To the Editor,

I thank Drs Li, Yin, and Kang for their comment1 on my article.2 I am pleased to see a vigorous debate on this important issue. This is an area where reasonable people can disagree, and we certainly seem to have found healthy disagreement here.

The three steps they describe to help optimize inferior vena cava (IVC) measurement using ultrasound (US) are very sensible. Nevertheless, awareness of the many potential pitfalls is not a guarantee of success.
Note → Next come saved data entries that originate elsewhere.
text \<open>Move the second argument of the divergence along the segment from \<open>p\<close> to \<open>p'\<close>:
  \<open>h t = D(q, p + t v)\<close> has derivative \<open>-\<langle>\<nabla>\<^sup>2F(x) v, q - x\<rangle>\<close>. Admissibility only controls
  the Hessian at the \<^emph>\<open>first\<close> argument of \<open>D\<close>, but comparing \<open>D(x, y)\<close> for two points \<open>y\<close>
  between \<open>x\<close> and \<open>q\<close> with \<open>D(q, x)\<close> still gives \<open>\<parallel>\<nabla>\<^sup>2F(x)\<parallel> \<parallel>q - x\<parallel>\<^sup>2 \<le> 27/10 \<tau>\<^sup>2 D(q, x)\<close>.
  Since \<open>q\<close> is at distance at least \<open>4\<tau>\<^sup>2/\<epsilon> \<parallel>v\<parallel>\<close> from the segment, this yields
  \<open>|h'| \<le> 27/40 \<epsilon> h\<close>, and Gronwall's inequality confines \<open>h 1 / h 0\<close> to
  \<open>[exp (-27/40 \<epsilon>), exp (27/40 \<epsilon>)] \<subseteq> [1 - \<epsilon>, 1 + \<epsilon>]\<close>.\<close>

lemma strictly_convex_on_imp_convex_on:
  assumes "strictly_convex_on X F"
  shows "convex_on X F"
proof (rule convex_onI)
  show "convex X" using assms unfolding strictly_convex_on_def by simp
  fix t :: real and x y assume "0 < t" "t < 1" "x \<in> X" "y \<in> X"
  then show "F ((1 - t) *\<^sub>R x + t *\<^sub>R y) \<le> (1 - t) * F x + t * F y"
    using assms unfolding strictly_convex_on_def
    by (cases "x = y") (auto simp: algebra_simps less_imp_le)
qed
lemma in_subspace_if_orthogonal_to_complement:
  fixes m :: "'a::euclidean_space"
  assumes "subspace S" "subspace E" "E \<subseteq> S" "m \<in> S"
    and "\<And>z. z \<in> S \<Longrightarrow> \<forall>y\<in>E. inner z y = 0 \<Longrightarrow> inner z m = 0"
  shows "m \<in> E"
proof -
  obtain q r where q: "q \<in> E" and r: "\<forall>w\<in>E. inner r w = 0" and m: "m = q + r"
    using orthogonal_decomp_subspace[OF assms(2)] by blast
  have "r \<in> S" using m q assms(1,3,4) subspace_diff by (metis add_diff_cancel_left' subsetD)
  then have "inner r m = 0" using assms(5) r by blast
  moreover have "inner r q = 0" using r q by blast
  ultimately have "inner r r = 0" using m by (simp add: inner_add_right)
  then show ?thesis using m q by simp
qed

lemma all_inner_diff_eq_0_iff: "(\<forall>w. inner (a - b) w = 0) \<longleftrightarrow> a = (b::'a::real_inner)"
  by (metis inner_eq_zero_iff right_minus_eq inner_zero_left)

lemma in_u_iff_commutes:
  assumes "\<forall>x\<in>V. T x \<in> V" and "\<forall>x\<in>V. \<forall>y\<in>V. inner (T x) y = - inner x (T y)"
  shows "in_u V J T \<longleftrightarrow> (\<forall>x\<in>V. \<forall>w. inner (T (J x) - J (T x)) w = 0)"
  using assms unfolding in_u_def all_inner_diff_eq_0_iff by blast

locale two_step_almost_hermitian =
  fixes br :: "'a::euclidean_space \<Rightarrow> 'a \<Rightarrow> 'a" and J :: "'a \<Rightarrow> 'a"
  assumes two_step: "two_step_nilpotent br"
    and linear_J: "linear J" and J_J [simp]: "J (J x) = - x"
    and J_derived_central: "J ` derived br \<subseteq> center br"
    and inner_J_J [simp]: "inner (J x) (J y) = inner x y"
begin

abbreviation "D \<equiv> derived br"
abbreviation "Z0 \<equiv> zz0 br J"
abbreviation "V \<equiv> vv br J"
abbreviation "NJ \<equiv> nJ br J"
abbreviation "Z1 \<equiv> zz1 br J"
abbreviation "jm \<equiv> jmap br J"

lemma bilinear_br: "bilinear br"
  using two_step unfolding two_step_nilpotent_def lie_algebra_def by auto

lemmas br_simps [simp] =
  bilinear_ladd[OF bilinear_br] bilinear_radd[OF bilinear_br]
  bilinear_lneg[OF bilinear_br] bilinear_rneg[OF bilinear_br]
  bilinear_lsub[OF bilinear_br] bilinear_rsub[OF bilinear_br]
  bilinear_lmul[OF bilinear_br] bilinear_rmul[OF bilinear_br]
  bilinear_lzero[OF bilinear_br] bilinear_rzero[OF bilinear_br]

lemmas J_simps [simp] =
  linear_add[OF linear_J] linear_neg[OF linear_J] linear_diff[OF linear_J]
  linear_scale[OF linear_J] linear_0[OF linear_J]

lemma br_anticomm: "br x y = - br y x"
proof -
  have alt: "\<And>x. br x x = 0"
    using two_step unfolding two_step_nilpotent_def lie_algebra_def by auto
  have "br x x + br x y + (br y x + br y y) = 0" using alt[of "x + y"] by (simp add: algebra_simps)
  then have "br x y + br y x = 0" by (simp add: alt)
  then show ?thesis by (simp add: eq_neg_iff_add_eq_0)
qed

lemma inner_J_left: "inner (J x) y = - inner x (J y)"
  using inner_J_J[of x "J y"] by simp

lemma subspace_derived: "subspace D"
  unfolding derived_def by (rule subspace_span)

lemma br_in_derived: "br x y \<in> D"
  unfolding derived_def by (rule span_base) auto

lemma subspace_center: "subspace (center br)"
  unfolding subspace_def center_def by auto

lemma Z0_eq: "z \<in> Z0 \<longleftrightarrow> (\<exists>a c. z = a + J c \<and> a \<in> D \<and> c \<in> D)"
  unfolding zz0_def by blast

lemma subspace_Z0: "subspace Z0"
proof -
  have "Z0 = (\<lambda>(a, c). a + J c) ` (D \<times> D)"
    unfolding zz0_def by auto
  also have "subspace \<dots>"
    by (rule linear_subspace_image)
      (auto intro!: linearI subspace_Times subspace_derived simp: scaleR_add_right)
  finally show ?thesis .
qed

lemma J_Z0: "z \<in> Z0 \<Longrightarrow> J z \<in> Z0"
  unfolding Z0_eq by (metis J_J J_simps(1) add.commute subspace_derived subspace_neg)

lemma Z0_central: "z \<in> Z0 \<Longrightarrow> br z y = 0" "z \<in> Z0 \<Longrightarrow> br y z = 0"
proof -
  assume "z \<in> Z0"
  then obtain a c where "z = a + J c" "a \<in> D" "c \<in> D" unfolding Z0_eq by blast
  moreover have "D \<subseteq> center br"
    using two_step unfolding two_step_nilpotent_def by blast
  ultimately have "z \<in> center br"
    using J_derived_central subspace_center subspace_add by blast
  then show "br z y = 0" "br y z = 0"
    unfolding center_def by (auto simp: br_anticomm[of y z])
qed

lemma Z0_V_decomp:
  obtains y where "y \<in> Z0" "x - y \<in> V"
proof -
  obtain y r where "y \<in> Z0" "\<forall>w\<in>Z0. inner r w = 0" "x = y + r"
    using orthogonal_decomp_subspace[OF subspace_Z0] by blast
  with that show ?thesis unfolding vv_def by auto
qed

lemma subspace_V: "subspace V"
  unfolding subspace_def vv_def by (simp add: inner_add_left)

lemma J_V: "x \<in> V \<Longrightarrow> J x \<in> V"
  unfolding vv_def by (simp add: inner_J_left J_Z0)

lemma all_V_iff:
  assumes "\<And>x y. y \<in> Z0 \<Longrightarrow> P (x + y) \<longleftrightarrow> P x"
  shows "(\<forall>x\<in>V. P x) \<longleftrightarrow> (\<forall>x. P x)"
  by (metis Z0_V_decomp assms diff_add_cancel)

lemma jmap_V: "jm z x \<in> V"
  and inner_jmap_V: "w \<in> V \<Longrightarrow> inner (jm z x) w = inner z (br x w)"
proof -
  have "linear (br x)" using bilinear_br unfolding bilinear_def by blast
  then have "inner (adjoint (br x) z) w = inner z (br x w)" for w
    by (metis adjoint_works inner_commute)
  then have "\<exists>!u. u \<in> V \<and> (\<forall>w\<in>V. inner u w = inner z (br x w))"
    using ex1_inner_representative[OF subspace_V, of "adjoint (br x) z"] by simp
  from theI'[OF this] show "jm z x \<in> V" "w \<in> V \<Longrightarrow> inner (jm z x) w = inner z (br x w)"
    unfolding jmap_def by auto
qed

lemma inner_jmap: "inner (jm z x) w = inner z (br x w)"
proof -
  obtain y where y: "y \<in> Z0" "w - y \<in> V" using Z0_V_decomp by blast
  have "inner (jm z x) y = 0" using jmap_V y(1) unfolding vv_def by auto
  then show ?thesis
    using inner_jmap_V[OF y(2), of z x] Z0_central(2)[OF y(1)]
    by (simp add: inner_diff_right)
qed

definition jsum :: "'a \<Rightarrow> 'a \<Rightarrow> 'a" where
  "jsum x y = br (J x) y + br x (J y)"

definition jdiff :: "'a \<Rightarrow> 'a \<Rightarrow> 'a" where
  "jdiff x y = br x y - br (J x) (J y)"

definition nijenhuis :: "'a \<Rightarrow> 'a \<Rightarrow> 'a" where
  "nijenhuis x y = jdiff x y + J (jsum x y)"

lemma integrable_iff_nijenhuis: "integrable br J \<longleftrightarrow> (\<forall>x y. nijenhuis x y = 0)"
  unfolding integrable_def nijenhuis_def jsum_def jdiff_def by (simp add: algebra_simps)

lemma jsum_J_left: "jsum (J x) y = - jdiff x y"
  unfolding jsum_def jdiff_def by simp

lemma jsum_J_right: "jsum x (J y) = - jdiff x y"
  unfolding jsum_def jdiff_def by simp

lemma jsum_swap: "jsum y x = - jsum x y"
  unfolding jsum_def using br_anticomm by (metis add.commute minus_add_distrib)

lemma nijenhuis_J_left: "nijenhuis (J x) y = - J (nijenhuis x y)"
  unfolding nijenhuis_def jsum_def jdiff_def by (simp add: algebra_simps)

lemma jsum_derived: "jsum x y \<in> D" and jdiff_derived: "jdiff x y \<in> D"
  unfolding jsum_def jdiff_def
  by (simp_all add: br_in_derived subspace_add subspace_diff subspace_derived)

lemma jsum_Z0_shift: "y \<in> Z0 \<Longrightarrow> jsum (x + y) w = jsum x w"
  and nijenhuis_Z0_shift: "y \<in> Z0 \<Longrightarrow> nijenhuis (x + y) w = nijenhuis x w"
  unfolding nijenhuis_def jsum_def jdiff_def by (simp_all add: Z0_central J_Z0)

lemma inner_J_nijenhuis: "inner (J z) (nijenhuis x y) = inner z (nijenhuis (J x) y)"
  by (simp add: nijenhuis_J_left inner_J_left)

lemma orthogonal_nijenhuis_J_iff:
  "(\<forall>x y. inner (J z) (nijenhuis x y) = 0) \<longleftrightarrow> (\<forall>x y. inner z (nijenhuis x y) = 0)"
proof
  assume "\<forall>x y. inner (J z) (nijenhuis x y) = 0"
  moreover have "inner z (nijenhuis x y) = inner (J z) (nijenhuis (- J x) y)" for x y
    by (simp add: inner_J_nijenhuis)
  ultimately show "\<forall>x y. inner z (nijenhuis x y) = 0" by simp
qed (simp add: inner_J_nijenhuis)

lemma jmap_skew: "inner (jm z x) y = - inner x (jm z y)"
  by (metis br_anticomm inner_commute inner_minus_right inner_jmap)

lemma inner_jmap_commutator: "inner (jm z (J x) - J (jm z x)) w = inner z (jsum x w)"
  by (simp add: inner_diff_left inner_J_left inner_jmap jsum_def inner_add_right)

lemma in_u_jmap_iff: "in_u V J (jm z) \<longleftrightarrow> (\<forall>x w. inner z (jsum x w) = 0)"
proof -
  have "in_u V J (jm z) \<longleftrightarrow> (\<forall>x\<in>V. \<forall>w. inner z (jsum x w) = 0)"
    by (subst in_u_iff_commutes) (simp_all add: jmap_V jmap_skew inner_jmap_commutator)
  also have "\<dots> \<longleftrightarrow> (\<forall>x w. inner z (jsum x w) = 0)"
    by (rule all_V_iff) (simp add: jsum_Z0_shift)
  finally show ?thesis .
qed

abbreviation jmap_corrected :: "'a \<Rightarrow> 'a \<Rightarrow> 'a" where
  "jmap_corrected z \<equiv> \<lambda>x. jm (J z) x - (1/2) *\<^sub>R opcomm J (jm z) x"

lemma inner_jmap_corrected:
  "inner (jmap_corrected z x) w = inner (J z) (br x w) + (1/2) * inner z (jsum x w)"
  unfolding opcomm_def jsum_def
  by (simp add: inner_diff_left inner_add_right inner_jmap inner_J_left algebra_simps)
Likewise, while it certainly seems wise to “incorporate right heart function, tricuspid regurgitation, the IVC short-axis shape, and intraabdominal pressures” into decision-making, I would argue that it is impractical to do so. There are simply too many variables, most of them unquantifiable, to design and test a working algorithm.

Li et al. also raise the poor evidence base supporting IVC measurement, a point of agreement between us. The report by Vignon et al.3 is by far the best study on the subject to date. When US assessment was tested on hundreds of critically ill patients under optimal conditions (such as we currently understand them), it was found to perform very poorly, and only slightly better than a coin toss. The authors of this study are recognized as some of the most experienced critical care echocardiographers in the world; it would be difficult to expect better results than their group achieved. While I appreciate the thoughtful points raised by Li et al., we’ll have to agree to disagree and I remain of the opinion that measuring the IVC to determine fluid responsiveness is often a waste of time, and at times, even harmful.